■ **EXERCISE**
Search the listing for the string "regroup". Copy every line that has it.

------------------------------------------------------------

lemma free_ext_in:
  assumes "x \<in> P n" "\<And>a b c. b \<in> basis n \<Longrightarrow> T a b c \<in> S" "0 \<in> S" "\<And>u v. u \<in> S \<Longrightarrow> v \<in> S \<Longrightarrow> u + v \<in> S"
  shows "free_ext n T x \<in> S"
proof -
  have "\<forall>t\<in>set ts. (\<lambda>(a, b, c). T a b c) t \<in> S \<Longrightarrow> sum_list (map (\<lambda>(a, b, c). T a b c) ts) \<in> S" for ts
    by (induction ts) (auto simp: assms(3,4))
  then show ?thesis using basis_rep_spec[OF assms(1)] assms(2) unfolding free_ext_def on_basis_def by fastforce
qed

lemma gen_sum_lft_rgt: "on_basis n ts \<Longrightarrow>
    lft a (rgt (gen_sum ts) c) = gen_sum (map (\<lambda>(a', b, c'). (mul a a', b, mul c' c)) ts)"
proof (induction ts)
  case Nil then show ?case by (simp add: lft_0 rgt_0)
next
  case (Cons t ts)
  obtain a' b c' where t: "t = (a', b, c')" and b: "b \<in> basis n" and i: "on_basis n ts"
    using Cons.prems by (cases t) auto
  have tP: "lft a' (rgt b c') \<in> P n" by (rule gen_term_in_P[OF b])
  have "lft a (rgt (gen_sum (t # ts)) c) = lft a (rgt (lft a' (rgt b c')) c) + lft a (rgt (gen_sum ts) c)"
    by (simp add: t rgt_add[OF tP gen_sum_in_P[OF i]] lft_add[OF rgt_P[OF tP] rgt_P[OF gen_sum_in_P[OF i]]])
  also have "lft a (rgt (lft a' (rgt b c')) c) = lft (mul a a') (rgt b (mul c' c))"
  proof -
    have y: "rgt b c' \<in> P n" using basis_in_P[OF b] by (rule rgt_P)
    have "lft a (rgt (lft a' (rgt b c')) c) = lft a (lft a' (rgt (rgt b c') c))"
      by (simp add: lft_rgt[OF y])
    also have "\<dots> = lft (mul a a') (rgt (rgt b c') c)" by (simp add: lft_mul[OF rgt_P[OF y]])
    also have "\<dots> = lft (mul a a') (rgt b (mul c' c))" by (simp add: rgt_mul[OF basis_in_P[OF b]])
    finally show ?thesis .
  qed
  finally show ?case using Cons.IH[OF i] by (simp add: t)
qed

lemma free_ext_lft_rgt:
  assumes V: "vector_space scv" and g: "bilinear_on_basis scv n T" and x: "x \<in> P n"
  shows "free_ext n T (lft a (rgt x c)) = free_ext n (\<lambda>a' b c'. T (mul a a') b (mul c' c)) x"
proof -
  define ts where "ts = map (\<lambda>(a', b, c'). (mul a a', b, mul c' c)) (basis_rep n x)"
  have its: "on_basis n ts" using basis_rep_spec[OF x] by (auto simp: ts_def on_basis_def)
  have "gen_sum ts = lft a (rgt x c)" using gen_sum_lft_rgt[of n "basis_rep n x" a c] basis_rep_spec[OF x] by (simp add: ts_def)
  then have "free_ext n T (lft a (rgt x c)) = sum_list (map (\<lambda>(a, b, c). T a b c) ts)"
    using free_ext_gen_sum[OF V g its] by simp
  then show ?thesis by (simp add: free_ext_def ts_def case_prod_unfold comp_def)
qed

lemma free_ext_unique:
  assumes add: "\<forall>x\<in>P n. \<forall>y\<in>P n. f (x + y) = f x + f y"
    and gen: "\<And>a b c. b \<in> basis n \<Longrightarrow> f (lft a (rgt b c)) = T a b c" and x: "x \<in> P n"
  shows "f x = free_ext n T x"
proof -
  have f0: "f 0 = 0" using add P_0 by (metis add.right_neutral add_left_cancel)
  have "on_basis n ts \<Longrightarrow> f (gen_sum ts) = sum_list (map (\<lambda>(a, b, c). T a b c) ts)" for ts
  proof (induction ts)
    case (Cons t ts)
    obtain a b c where t: "t = (a, b, c)" and b: "b \<in> basis n" and i: "on_basis n ts"
      using Cons.prems by (cases t) auto
    show ?case using add gen_term_in_P[OF b] gen_sum_in_P[OF i] Cons.IH[OF i] gen[OF b] by (simp add: t)
  qed (simp add: f0)
  then show ?thesis using basis_rep_spec[OF x] unfolding free_ext_def by metis
qed

lemma free_ext_sum_family: "free_ext n (\<lambda>a b c. \<Sum>h\<in>F. T h a b c) x = (\<Sum>h\<in>F. free_ext n (T h) x)"
  unfolding free_ext_def by (induction F rule: infinite_finite_induct) (auto simp: case_prod_unfold sum_list_addf)

lemma free_ext_natural_on:
  assumes l: "\<forall>u\<in>S. \<forall>v\<in>S. l (u + v) = l u + l v" and S0: "0 \<in> S" and Sadd: "\<forall>u\<in>S. \<forall>v\<in>S. u + v \<in> S"
    and T: "\<And>a b c. b \<in> basis n \<Longrightarrow> T a b c \<in> S" and x: "x \<in> P n"
  shows "l (free_ext n T x) = free_ext n (\<lambda>a b c. l (T a b c)) x"
proof -
  have l0: "l 0 = 0" using l S0 by (metis add.right_neutral add_left_cancel)
  have "\<forall>t\<in>set ts. (\<lambda>(a, b, c). T a b c) t \<in> S \<Longrightarrow>
    l (sum_list (map (\<lambda>(a, b, c). T a b c) ts)) = sum_list (map (\<lambda>(a, b, c). l (T a b c)) ts)" for ts
  proof (induction ts)
    case Nil then show ?case by (simp add: l0)
  next
    case (Cons t ts)
    have "sum_list (map (\<lambda>(a, b, c). T a b c) ts) \<in> S"
      using Cons.prems by (induction ts) (auto simp: S0 Sadd)
    then show ?case using Cons l by (auto simp: case_prod_unfold)
  qed
  moreover have "\<forall>t\<in>set (basis_rep n x). (\<lambda>(a, b, c). T a b c) t \<in> S"
    using basis_rep_spec[OF x] T unfolding on_basis_def by auto
  ultimately show ?thesis unfolding free_ext_def by (simp add: case_prod_unfold)
qed

section \<open>Bimodule maps to the ground field\<close>

definition bimod_functional :: "nat \<Rightarrow> ('p \<Rightarrow> 'k) \<Rightarrow> bool" where
  "bimod_functional n f \<longleftrightarrow> (\<forall>x. x \<notin> P n \<longrightarrow> f x = 0) \<and> lin_on scp (*) (P n) f \<and>
     (\<forall>a. \<forall>x\<in>P n. f (lft a x) = eps a * f x \<and> f (rgt x a) = f x * eps a)"

lemma bimod_functional_zero: "bimod_functional n (\<lambda>x. 0)" by (simp add: bimod_functional_def lin_on_def)

lemma bimod_functional_plus: "bimod_functional n f \<Longrightarrow> bimod_functional n g \<Longrightarrow>
    bimod_functional n (\<lambda>x. f x + g x)"
  by (simp add: bimod_functional_def lin_on_def algebra_simps lft_P rgt_P)

lemma bimod_functional_sum: "finite F \<Longrightarrow> (\<And>h. h \<in> F \<Longrightarrow> bimod_functional n (fs h)) \<Longrightarrow>
    bimod_functional n (\<lambda>x. \<Sum>h\<in>F. fs h x)"
  by (induction F rule: finite_induct) (auto simp: bimod_functional_zero bimod_functional_plus)

lemma bimod_functional_if_homAA: "f \<in> homAA scp (P n) (HP n) lft rgt eps \<Longrightarrow> bimod_functional n f"
proof -
  assume "f \<in> homAA scp (P n) (HP n) lft rgt eps"
  then obtain F fs where F: "finite F" "\<forall>h\<in>F. fs h \<in> homAA_deg scp (P n) (HP n) lft rgt eps h"
    "f = (\<lambda>x. \<Sum>h\<in>F. fs h x)" unfolding homAA_def by blast
  have "bimod_functional n (fs h)" if "h \<in> F" for h
    using F(2) that unfolding homAA_deg_def bimod_functional_def by blast
  then show ?thesis using bimod_functional_sum[OF F(1)] F(3) by blast
qed

lemma bimod_functional_lin: "bimod_functional n f \<Longrightarrow> lin_on scp (*) (P n) f" by (simp add: bimod_functional_def)
lemma bimod_functional_outside: "bimod_functional n f \<Longrightarrow> x \<notin> P n \<Longrightarrow> f x = 0"
  by (simp add: bimod_functional_def)
lemma bimod_functional_lft: "bimod_functional n f \<Longrightarrow> x \<in> P n \<Longrightarrow> f (lft a x) = eps a * f x"
  by (simp add: bimod_functional_def)
lemma bimod_functional_rgt: "bimod_functional n f \<Longrightarrow> x \<in> P n \<Longrightarrow> f (rgt x a) = f x * eps a"
  by (simp add: bimod_functional_def)
lemma bimod_functional_add: "bimod_functional n f \<Longrightarrow> x \<in> P n \<Longrightarrow> y \<in> P n \<Longrightarrow>
    f (x + y) = f x + f y"
  by (simp add: bimod_functional_def lin_on_def)
lemma bimod_functional_0: "bimod_functional n f \<Longrightarrow> f 0 = 0"
proof -
  assume "bimod_functional n f"
  then have "f (0 + 0) = f 0 + f 0" using bimod_functional_add[OF _ P_0 P_0] by blast
  then show ?thesis by (metis add.right_neutral add_left_cancel)
qed

lemma graded_A: "graded_on sc UNIV H"
  using alg by (simp add: yd_aug_alg_def yd_mod_def)

lemma eps_homogeneous: "s \<noteq> 0 \<Longrightarrow> x \<in> H s \<Longrightarrow> eps x = 0"
  using alg by (simp add: yd_aug_alg_def)

definition hcomp :: "'a \<Rightarrow> 'g \<Rightarrow> 'a" where
  "hcomp a = (THE c. finite {g. c g \<noteq> 0} \<and> (\<forall>g. c g \<in> H g) \<and> a = (\<Sum>g\<in>{g. c g \<noteq> 0}. c g))"

lemma hcomp_spec:
  "finite {g. hcomp a g \<noteq> 0} \<and> (\<forall>g. hcomp a g \<in> H g) \<and> a = (\<Sum>g\<in>{g. hcomp a g \<noteq> 0}. hcomp a g)"
proof -
  have "\<exists>!c. finite {g. c g \<noteq> 0} \<and> (\<forall>g. c g \<in> H g) \<and> a = (\<Sum>g\<in>{g. c g \<noteq> 0}. c g)"
    using graded_A unfolding graded_on_def by blast
  then show ?thesis unfolding hcomp_def by (rule theI')
qed

lemma graded_P: "graded_on scp (P n) (HP n)"
  using bimod_P[of n] by (simp add: yd_bimod_def yd_mod_def)

lemma subsp_HP: "subsp scp (HP n g)" and HP_P: "HP n g \<subseteq> P n"
  using graded_P[of n] unfolding graded_on_def by blast+

lemma lft_homogeneous: "a \<in> H s \<Longrightarrow> x \<in> HP n t \<Longrightarrow> lft a x \<in> HP n (s + t)"
  and rgt_homogeneous: "a \<in> H s \<Longrightarrow> x \<in> HP n t \<Longrightarrow> rgt x a \<in> HP n (t + s)"
  using bimod_P[of n] unfolding yd_bimod_def by blast+

lemma HP_0: "0 \<in> HP n g" and HP_add: "x \<in> HP n g \<Longrightarrow> y \<in> HP n g \<Longrightarrow> x + y \<in> HP n g"
  using subsp_HP[of n g] by (auto simp: subsp_def)

definition basis_deg :: "nat \<Rightarrow> 'p \<Rightarrow> 'g" where "basis_deg n b = (SOME s. b \<in> HP n s)"
lemma basis_deg_spec: "b \<in> basis n \<Longrightarrow> b \<in> HP n (basis_deg n b)"
  unfolding basis_deg_def using basis_homogeneous by (rule someI_ex)

definition hdeg :: "'a \<Rightarrow> 'g" where "hdeg a = (SOME g. a \<in> H g)"

lemma homogeneous_component_sum_list:
  assumes x: "x \<in> HP n s" and xs: "x = sum_list (map y js)" and hj: "\<forall>j\<in>set js. y j \<in> HP n (\<delta> j)"
  shows "sum_list (map (\<lambda>j. if \<delta> j = t then y j else 0) js) = (if t = s then x else 0)"
proof -
  define c where "c g = sum_list (map (\<lambda>j. if \<delta> j = g then y j else 0) js)" for g
  have cH: "\<forall>g. c g \<in> HP n g"
    unfolding c_def using hj by (induction js) (auto intro: HP_add HP_0)
  have supp: "{g. c g \<noteq> 0} \<subseteq> \<delta> ` set js"
  proof
    fix g assume "g \<in> {g. c g \<noteq> 0}"
    then have "c g \<noteq> 0" by simp
    then show "g \<in> \<delta> ` set js" unfolding c_def by (induction js) (auto split: if_splits)
  qed
  have fin: "finite {g. c g \<noteq> 0}" by (rule finite_subset[OF supp]) auto
  have regroup: "finite D \<Longrightarrow> \<delta> ` set js \<subseteq> D \<Longrightarrow> (\<Sum>g\<in>D. c g) = sum_list (map y js)" for D
    unfolding c_def
  proof (induction js)
    case (Cons j js)
    have "(\<Sum>g\<in>D. (if \<delta> j = g then y j else 0)) = y j" using Cons.prems by (simp add: sum.delta)
    then show ?case using Cons by (simp add: sum.distrib)
  qed simp
  have "(\<Sum>g\<in>{g. c g \<noteq> 0}. c g) = (\<Sum>g\<in>\<delta> ` set js. c g)"
    by (rule sum.mono_neutral_left) (use supp in auto)
  then have "x = (\<Sum>g\<in>{g. c g \<noteq> 0}. c g)" using regroup[of "\<delta> ` set js"] xs by simp
  from graded_on_homogeneous_unique[OF graded_P x fin cH this] show ?thesis by (simp add: c_def fun_eq_iff)
qed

------------------------------------------------------------

■ **ANSWER BOX**
  have regroup: "finite D \<Longrightarrow> \<delta> ` set js \<subseteq> D \<Longrightarrow> (\<Sum>g\<in>D. c g) = sum_list (map y js)" for D
  then have "x = (\<Sum>g\<in>{g. c g \<noteq> 0}. c g)" using regroup[of "\<delta> ` set js"] xs by simp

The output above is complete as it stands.